» **INSTRUCTIONS FOR THE TASK**
From the line containing "less.prems(3) by auto" to the end of the listing, copy each line exactly and leave out all others.
-------- INPUT DATA
lemma integral_sq_residual_ge:
  fixes A :: "real^'n^'m" and \<pi> :: "((real^'n) \<times> (real^'m)) measure"
  assumes P: "\<pi> \<in> P_Kc K c" and "K \<ge> 0" and s: "s \<ge> 0" "\<And>v. s * norm v \<le> norm (transpose A *v v)"
  shows "c * s\<^sup>2 * (norm B)\<^sup>2 / 2 - K \<le> (\<integral>p. sq_residual A B p \<partial>\<pi>)"
proof -
  define u where "u p = transpose A *v (B *v snd p)" for p :: "(real^'n) \<times> (real^'m)"
  have "integrable \<pi> (\<lambda>p. (norm (u p - 0 *\<^sub>R fst p))\<^sup>2)"
    unfolding u_def by (intro integrable_P_Kc_norm_squared[OF P _ norm_matrix_pair_le] continuous_intros)
  then have int_u: "integrable \<pi> (\<lambda>p. (norm (u p))\<^sup>2)"
    by simp
  have int_x: "integrable \<pi> (\<lambda>p. (norm (fst p))\<^sup>2)"
    by (intro integrable_P_Kc_norm_squared[OF P, where C = 1] continuous_intros)
      (metis norm_fst_le prod.collapse mult_1)
  have "(\<integral>p. (norm (fst p))\<^sup>2 \<partial>\<pi>) \<le> K"
    using P \<open>K \<ge> 0\<close> by (simp add: P_Kc_def integral_real_bounded)
  moreover have "c * s\<^sup>2 * (norm B)\<^sup>2 \<le> (\<integral>p. (norm (u p))\<^sup>2 \<partial>\<pi>)"
    unfolding u_def using s by (intro integral_norm_matrix_matrix_snd_ge[OF P])
  ultimately have "c * s\<^sup>2 * (norm B)\<^sup>2 / 2 - K \<le> (\<integral>p. (norm (u p))\<^sup>2 / 2 - (norm (fst p))\<^sup>2 \<partial>\<pi>)"
    using int_u int_x by simp
  also have "\<dots> \<le> (\<integral>p. sq_residual A B p \<partial>\<pi>)"
  proof (rule integral_mono)
    show "integrable \<pi> (\<lambda>p. (norm (u p))\<^sup>2 / 2 - (norm (fst p))\<^sup>2)"
      using int_u int_x by simp
    show "(norm (u p))\<^sup>2 / 2 - (norm (fst p))\<^sup>2 \<le> sq_residual A B p" for p
      using norm_diff_squared_le[of "u p - fst p" "- fst p"] by (simp add: u_def sq_residual_def)
  qed (rule integrable_sq_residual[OF P])
  finally show ?thesis .
qed

text \<open>Relative to \<open>B = 0\<close>, the penalty can lower the objective by at most
  \<open>\<lambda> (\<parallel>g\<parallel> \<parallel>B1\<parallel> - \<mu>/2 \<parallel>B1\<parallel>\<^sup>2)\<close>, which is negative once \<open>\<parallel>B1\<parallel> > 2\<parallel>g\<parallel>/\<mu>\<close>; beyond that
  threshold the data term alone bounds \<open>\<parallel>B1\<parallel>\<close>. Hence the bound is uniform in \<open>\<lambda>\<close>.\<close>
lemma norm_minimizer_le:
  fixes A :: "real^'n^'m" and \<pi> :: "((real^'n) \<times> (real^'m)) measure"
  assumes P: "\<pi> \<in> P_Kc K c" and "K \<ge> 0" "c > 0" "lam \<ge> 0" "\<mu> > 0"
    and s: "s > 0" "\<And>v. s * norm v \<le> norm (transpose A *v v)"
    and cvx: "convex_on UNIV (\<lambda>B. rho B - \<mu> / 2 * (norm B)\<^sup>2)"
    and der: "(rho has_derivative (\<lambda>H. g \<bullet> H)) (at 0)"
    and min: "\<And>B. Fobj A lam rho \<pi> B1 \<le> Fobj A lam rho \<pi> B"
  shows "norm B1 \<le> 2 * norm g / \<mu> + sqrt (4 * K / (c * s\<^sup>2))"
proof (rule quadratic_inequality_bound)
  have "rho 0 + g \<bullet> B1 + \<mu> / 2 * (norm B1)\<^sup>2 \<le> rho B1"
    by (rule strongly_convex_above_tangent[OF cvx der])
  then have "\<mu> / 2 * (norm B1)\<^sup>2 - norm g * norm B1 \<le> rho B1 - rho 0"
    using Cauchy_Schwarz_ineq2[of g B1] by linarith
  then have "lam * (\<mu> / 2 * (norm B1)\<^sup>2 - norm g * norm B1) \<le> lam * (rho B1 - rho 0)"
    using \<open>lam \<ge> 0\<close> by (rule mult_left_mono)
  moreover have "(\<integral>p. sq_residual A B1 p \<partial>\<pi>) + lam * rho B1 \<le> (\<integral>p. (norm (fst p))\<^sup>2 \<partial>\<pi>) + lam * rho 0"
    using min[of 0] by (simp add: Fobj_eq sq_residual_def)
  moreover have "(\<integral>p. (norm (fst p))\<^sup>2 \<partial>\<pi>) \<le> K"
    using P \<open>K \<ge> 0\<close> by (simp add: P_Kc_def integral_real_bounded)
  ultimately show "c * s\<^sup>2 / 2 * (norm B1)\<^sup>2 + lam * (\<mu> / 2 * (norm B1)\<^sup>2 - norm g * norm B1) \<le> 2 * K"
    using integral_sq_residual_ge[OF P \<open>K \<ge> 0\<close> _ s(2), of B1] s(1) by (simp add: algebra_simps)
qed (use assms in auto)

lemma sq_residual_diff_eq:
  "sq_residual A B2 p - sq_residual A B1 p
     = (transpose A *v ((B2 - B1) *v snd p)) \<bullet> (transpose A *v ((B1 + B2) *v snd p) - 2 *\<^sub>R fst p)"
  by (simp add: sq_residual_def power2_norm_eq_inner matrix_vector_mult_diff_rdistrib
      matrix_vector_mult_add_rdistrib matrix_vector_right_distrib matrix_vector_mult_diff_distrib
      inner_diff_left inner_diff_right inner_add_left inner_add_right inner_commute algebra_simps)

lemma sq_residual_diff_lipschitz:
  fixes A :: "real^'n^'m" and p q :: "(real^'n) \<times> (real^'m)"
  shows "\<bar>(sq_residual A B2 p - sq_residual A B1 p) - (sq_residual A B2 q - sq_residual A B1 q)\<bar>
     \<le> norm (transpose A) * norm (B2 - B1) * (norm (transpose A) * norm (B1 + B2) + 2)
       * norm (p - q) * (norm p + norm q)"
  unfolding sq_residual_diff_eq
proof (rule inner_linear_diff_le)
  show "linear (\<lambda>p. transpose A *v ((B2 - B1) *v snd p))"
    "linear (\<lambda>p. transpose A *v ((B1 + B2) *v snd p) - 2 *\<^sub>R fst p)"
    by (intro linearI; simp add: matrix_vector_right_distrib matrix_vector_mult_scaleR algebra_simps)+
  show "norm (transpose A *v ((B2 - B1) *v snd p)) \<le> norm (transpose A) * norm (B2 - B1) * norm p"
    for p :: "(real^'n) \<times> (real^'m)"
    using norm_matrix_pair_le[where T = "transpose A" and B = "B2 - B1" and s = 0 and p = p] by simp
  show "norm (transpose A *v ((B1 + B2) *v snd p) - 2 *\<^sub>R fst p)
      \<le> (norm (transpose A) * norm (B1 + B2) + 2) * norm p" for p :: "(real^'n) \<times> (real^'m)"
    using norm_matrix_pair_le[where T = "transpose A" and B = "B1 + B2" and s = 2 and p = p] by simp
qed
definition lower_mark :: "'a \<Rightarrow> real" where
  "lower_mark p = Max (lam ` {a \<in> Ps. (a, p) \<in> le})"

lemma lower_mark_ge: "a \<in> Ps \<Longrightarrow> (a, p) \<in> le \<Longrightarrow> lam a \<le> lower_mark p"
  unfolding lower_mark_def using finite_marks by (intro Max_ge) auto

lemma lower_mark_attained: "p \<in> P \<Longrightarrow> \<exists>a\<in>Ps. (a, p) \<in> le \<and> lower_mark p = lam a"
proof -
  assume "p \<in> P"
  then have "lam ` {a \<in> Ps. (a, p) \<in> le} \<noteq> {}" using exists_mark_below by blast
  then have "lower_mark p \<in> lam ` {a \<in> Ps. (a, p) \<in> le}"
    unfolding lower_mark_def using finite_marks by (intro Max_in) auto
  then show ?thesis by auto
qed

lemma lower_mark_le:
  assumes "(p, b) \<in> le" "b \<in> Ps"
  shows "lower_mark p \<le> lam b"
proof -
  obtain a where "a \<in> Ps" "(a, p) \<in> le" "lower_mark p = lam a"
    using lower_mark_attained le_carrier assms(1) by blast
  then show ?thesis using le_trans lam_mono assms by metis
qed

lemma lower_mark_mono:
  assumes "(p, q) \<in> le"
  shows "lower_mark p \<le> lower_mark q"
proof -
  obtain a where "a \<in> Ps" "(a, p) \<in> le" "lower_mark p = lam a"
    using lower_mark_attained le_carrier assms by blast
  then show ?thesis using le_trans lower_mark_ge assms by metis
qed

definition unmarked_cover :: "('a \<times> 'a) set" where
  "unmarked_cover = {(p, q). p \<in> P - Ps \<and> q \<in> P - Ps \<and> covers le p q}"

definition chain_order :: "('a \<times> 'a) set" where
  "chain_order = Id_on (P - Ps) \<union> unmarked_cover\<^sup>+"

lemma unmarked_cover_carrier: "unmarked_cover \<subseteq> (P - Ps) \<times> (P - Ps)"
  unfolding unmarked_cover_def by auto

lemma unmarked_cover_trancl_imp_le: "(p, q) \<in> unmarked_cover\<^sup>+ \<Longrightarrow> (p, q) \<in> le"
proof (induction rule: trancl_induct)
  case (base q)
  then show ?case unfolding unmarked_cover_def by (simp add: covers_imp_le)
next
  case (step q r)
  then have "(q, r) \<in> le" unfolding unmarked_cover_def by (simp add: covers_imp_le)
  with step.IH show ?case by (rule le_trans)
qed

lemma chain_order_imp_le: "(p, q) \<in> chain_order \<Longrightarrow> (p, q) \<in> le"
  unfolding chain_order_def using le_refl unmarked_cover_trancl_imp_le by (auto simp: Id_on_iff)

lemma trans_chain_order: "trans chain_order"
  unfolding chain_order_def trans_def by (blast intro: trancl_trans)

lemma poset_on_chain_order: "poset_on (P - Ps) chain_order"
  unfolding poset_on_def
proof (intro conjI)
  show "chain_order \<subseteq> (P - Ps) \<times> (P - Ps)"
    unfolding chain_order_def using trancl_subset_Sigma[OF unmarked_cover_carrier] by auto
  show "\<forall>x\<in>P - Ps. (x, x) \<in> chain_order" unfolding chain_order_def by auto
  show "trans chain_order" by (rule trans_chain_order)
  show "antisym chain_order"
    using chain_order_imp_le le_antisym unfolding antisym_def by blast
qed

lemma is_chain_unmarked_saturated:
  assumes "set ps \<subseteq> P - Ps" "successively (covers le) ps"
  shows "is_chain chain_order (set ps)"
proof (rule is_chain_if_successively[OF trans_chain_order])
  show "(x, x) \<in> chain_order" if "x \<in> set ps" for x
    using that assms(1) unfolding chain_order_def by auto
  show "successively (\<lambda>u v. (u, v) \<in> chain_order) ps"
    using assms unfolding chain_order_def unmarked_cover_def
    by (induction ps rule: induct_list012) auto
qed

lemma chain_order_chain_has_greatest:
  assumes "A \<noteq> {}" "A \<subseteq> P - Ps" "is_chain chain_order A"
  shows "\<exists>m\<in>A. \<forall>x\<in>A. (x, m) \<in> chain_order"
proof -
  let ?S = "\<lambda>x y. (x, y) \<in> chain_order \<and> x \<noteq> y"
  have "transp ?S"
    using trans_chain_order chain_order_imp_le le_antisym unfolding transp_def trans_def by metis
  moreover have "finite A" using assms(2) finite_carrier finite_subset by blast
  ultimately obtain m where m: "m \<in> A" "\<And>z. z \<in> A \<Longrightarrow> \<not> ?S m z"
    using finite_has_maximal_rel[of A ?S] assms(1) by (auto simp: irreflp_def)
  have "(x, m) \<in> chain_order" if "x \<in> A" for x
    using that m assms(2,3) unfolding is_chain_def chain_order_def by blast
  then show ?thesis using m(1) by blast
qed

lemma unmarked_path_through_chain:
  assumes "A \<subseteq> P - Ps" "is_chain chain_order A" "m \<in> A" "\<And>x. x \<in> A \<Longrightarrow> (x, m) \<in> chain_order"
  shows "\<exists>ps. successively (\<lambda>u v. (u, v) \<in> unmarked_cover) ps \<and> set ps \<subseteq> P - Ps \<and>
    A \<subseteq> set ps \<and> ps \<noteq> [] \<and> last ps = m"
  using assms
proof (induction "card A" arbitrary: A m rule: less_induct)
  case less
  show ?case
  proof (cases "A = {m}")
    case True
    moreover have "m \<in> P - Ps" using less.prems(1,3) by blast
    ultimately show ?thesis by (intro exI[of _ "[m]"]) simp
  next
    case False
    let ?A = "A - {m}"
    have sub: "?A \<subseteq> P - Ps" using less.prems(1) by blast
    have chain: "is_chain chain_order ?A" using less.prems(2) unfolding is_chain_def by blast
    have "?A \<noteq> {}" using less.prems(3) False by blast
    then obtain m' where m': "m' \<in> ?A" "\<And>x. x \<in> ?A \<Longrightarrow> (x, m') \<in> chain_order"
      using chain_order_chain_has_greatest[OF _ sub chain] by blast
    have "finite A" using less.prems(1) finite_carrier finite_subset by blast
    then have "card ?A < card A" using less.prems(3) by (rule card_Diff1_less)
    then obtain ps where ps: "successively (\<lambda>u v. (u, v) \<in> unmarked_cover) ps"
      "set ps \<subseteq> P - Ps" "?A \<subseteq> set ps" "ps \<noteq> []" "last ps = m'"
      using less.hyps[OF _ sub chain m'] by blast
    have "(m', m) \<in> chain_order" "m' \<noteq> m" using less.prems(4) m'(1) by blast+
    then have "(m', m) \<in> unmarked_cover\<^sup>+" unfolding chain_order_def Id_on_def by blast
    from trancl_imp_successively[OF this]
    obtain qs where qs: "successively (\<lambda>u v. (u, v) \<in> unmarked_cover) (m' # qs @ [m])"
      by blast
    have "successively (\<lambda>u v. (u, v) \<in> unmarked_cover) (ps @ qs @ [m])"
      using ps(1,4) qs ps(5) by (intro successively_append_last) simp_all
    moreover have "set (ps @ qs @ [m]) \<subseteq> P - Ps"
      using ps(2) successively_rel_set_subset[OF qs unmarked_cover_carrier] by simp
    moreover have "A \<subseteq> set (ps @ qs @ [m])" using ps(3) less.prems(3) by auto
    ultimately show ?thesis by (intro exI[of _ "ps @ qs @ [m]"]) simp
  qed
qed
----------------
» **SOLUTION TO THIS EXERCISE**
    moreover have "A \<subseteq> set (ps @ qs @ [m])" using ps(3) less.prems(3) by auto
    ultimately show ?thesis by (intro exI[of _ "ps @ qs @ [m]"]) simp
  qed
qed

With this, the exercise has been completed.